Data entries
▽
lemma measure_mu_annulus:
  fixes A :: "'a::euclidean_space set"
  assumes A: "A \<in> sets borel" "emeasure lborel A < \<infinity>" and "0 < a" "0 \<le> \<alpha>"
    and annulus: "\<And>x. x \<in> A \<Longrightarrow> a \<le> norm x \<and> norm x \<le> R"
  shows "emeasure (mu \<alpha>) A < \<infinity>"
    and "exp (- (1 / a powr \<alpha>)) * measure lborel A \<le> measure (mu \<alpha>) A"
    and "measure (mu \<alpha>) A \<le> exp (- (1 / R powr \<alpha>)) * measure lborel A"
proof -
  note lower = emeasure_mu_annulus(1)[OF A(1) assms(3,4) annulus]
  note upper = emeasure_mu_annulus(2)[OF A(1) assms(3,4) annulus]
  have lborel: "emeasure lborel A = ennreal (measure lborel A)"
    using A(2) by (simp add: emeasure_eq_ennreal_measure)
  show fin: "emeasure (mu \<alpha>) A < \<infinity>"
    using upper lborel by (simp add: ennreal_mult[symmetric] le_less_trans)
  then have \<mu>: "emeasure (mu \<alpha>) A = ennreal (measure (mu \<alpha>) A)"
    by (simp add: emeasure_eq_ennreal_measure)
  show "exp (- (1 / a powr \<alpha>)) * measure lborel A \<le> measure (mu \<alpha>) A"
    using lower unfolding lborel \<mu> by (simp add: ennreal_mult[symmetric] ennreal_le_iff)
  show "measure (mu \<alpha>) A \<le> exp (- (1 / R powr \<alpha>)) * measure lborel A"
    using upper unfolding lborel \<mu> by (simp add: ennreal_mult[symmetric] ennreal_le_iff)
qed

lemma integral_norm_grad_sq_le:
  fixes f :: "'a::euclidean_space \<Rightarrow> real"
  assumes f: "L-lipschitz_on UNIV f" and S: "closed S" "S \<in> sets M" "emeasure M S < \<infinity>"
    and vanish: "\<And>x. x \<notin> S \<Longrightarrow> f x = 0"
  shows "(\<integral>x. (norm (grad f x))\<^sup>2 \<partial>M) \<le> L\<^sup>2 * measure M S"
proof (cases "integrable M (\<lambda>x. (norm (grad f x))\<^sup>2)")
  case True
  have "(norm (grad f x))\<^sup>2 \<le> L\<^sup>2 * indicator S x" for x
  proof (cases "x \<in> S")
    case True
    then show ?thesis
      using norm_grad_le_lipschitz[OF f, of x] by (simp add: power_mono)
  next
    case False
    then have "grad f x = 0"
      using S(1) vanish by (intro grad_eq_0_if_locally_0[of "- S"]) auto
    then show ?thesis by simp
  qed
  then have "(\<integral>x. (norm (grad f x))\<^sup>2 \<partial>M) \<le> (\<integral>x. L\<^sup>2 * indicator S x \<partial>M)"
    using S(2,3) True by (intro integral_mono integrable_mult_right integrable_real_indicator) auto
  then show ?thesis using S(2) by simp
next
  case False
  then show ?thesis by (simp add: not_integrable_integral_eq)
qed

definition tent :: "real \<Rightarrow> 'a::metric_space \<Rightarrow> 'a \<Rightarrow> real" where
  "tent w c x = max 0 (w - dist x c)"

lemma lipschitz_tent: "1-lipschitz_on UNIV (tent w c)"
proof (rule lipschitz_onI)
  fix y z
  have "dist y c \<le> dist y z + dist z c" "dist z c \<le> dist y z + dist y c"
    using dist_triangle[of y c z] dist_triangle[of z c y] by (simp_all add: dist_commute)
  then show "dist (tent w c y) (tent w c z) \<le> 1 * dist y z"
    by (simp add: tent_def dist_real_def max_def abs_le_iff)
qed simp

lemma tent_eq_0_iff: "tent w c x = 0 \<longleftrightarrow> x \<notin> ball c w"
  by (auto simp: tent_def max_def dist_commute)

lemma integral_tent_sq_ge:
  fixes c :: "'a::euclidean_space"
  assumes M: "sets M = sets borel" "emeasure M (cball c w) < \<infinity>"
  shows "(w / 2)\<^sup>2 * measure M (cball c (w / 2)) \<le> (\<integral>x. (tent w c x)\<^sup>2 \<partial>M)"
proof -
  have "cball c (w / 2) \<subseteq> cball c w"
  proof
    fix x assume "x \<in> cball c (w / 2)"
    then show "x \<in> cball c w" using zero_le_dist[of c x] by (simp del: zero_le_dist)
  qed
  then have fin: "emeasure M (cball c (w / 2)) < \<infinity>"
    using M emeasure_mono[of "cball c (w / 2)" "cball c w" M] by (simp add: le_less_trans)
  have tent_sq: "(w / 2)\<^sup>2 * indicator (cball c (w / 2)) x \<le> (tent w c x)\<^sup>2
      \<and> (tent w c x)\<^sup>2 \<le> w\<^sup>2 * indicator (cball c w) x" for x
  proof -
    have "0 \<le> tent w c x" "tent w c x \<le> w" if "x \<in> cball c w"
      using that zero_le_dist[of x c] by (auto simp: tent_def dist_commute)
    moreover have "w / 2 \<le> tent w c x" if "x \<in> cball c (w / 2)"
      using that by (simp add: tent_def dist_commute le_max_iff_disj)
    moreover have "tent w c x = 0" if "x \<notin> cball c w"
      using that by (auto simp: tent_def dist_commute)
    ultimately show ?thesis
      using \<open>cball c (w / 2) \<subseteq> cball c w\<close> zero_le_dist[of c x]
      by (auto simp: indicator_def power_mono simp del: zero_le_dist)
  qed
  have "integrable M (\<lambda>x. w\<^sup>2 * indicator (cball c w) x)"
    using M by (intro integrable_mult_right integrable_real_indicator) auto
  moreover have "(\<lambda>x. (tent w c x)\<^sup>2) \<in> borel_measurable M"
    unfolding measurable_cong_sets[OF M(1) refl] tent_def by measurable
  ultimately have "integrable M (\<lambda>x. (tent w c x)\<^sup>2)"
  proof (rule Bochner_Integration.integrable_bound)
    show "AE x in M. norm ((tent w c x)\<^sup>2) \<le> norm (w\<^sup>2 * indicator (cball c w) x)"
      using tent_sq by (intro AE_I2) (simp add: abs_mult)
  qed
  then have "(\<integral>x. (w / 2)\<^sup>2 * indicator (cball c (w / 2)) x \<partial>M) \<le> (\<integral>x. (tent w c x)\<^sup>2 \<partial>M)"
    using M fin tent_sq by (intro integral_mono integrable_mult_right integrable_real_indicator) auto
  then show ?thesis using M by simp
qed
△
◆ **ACTION ITEM**
Whenever a line above includes "lower", copy it in full.

◆ **WRITTEN REPLY**
  note lower = emeasure_mu_annulus(1)[OF A(1) assms(3,4) annulus]
    using lower unfolding lborel \<mu> by (simp add: ennreal_mult[symmetric] ennreal_le_iff)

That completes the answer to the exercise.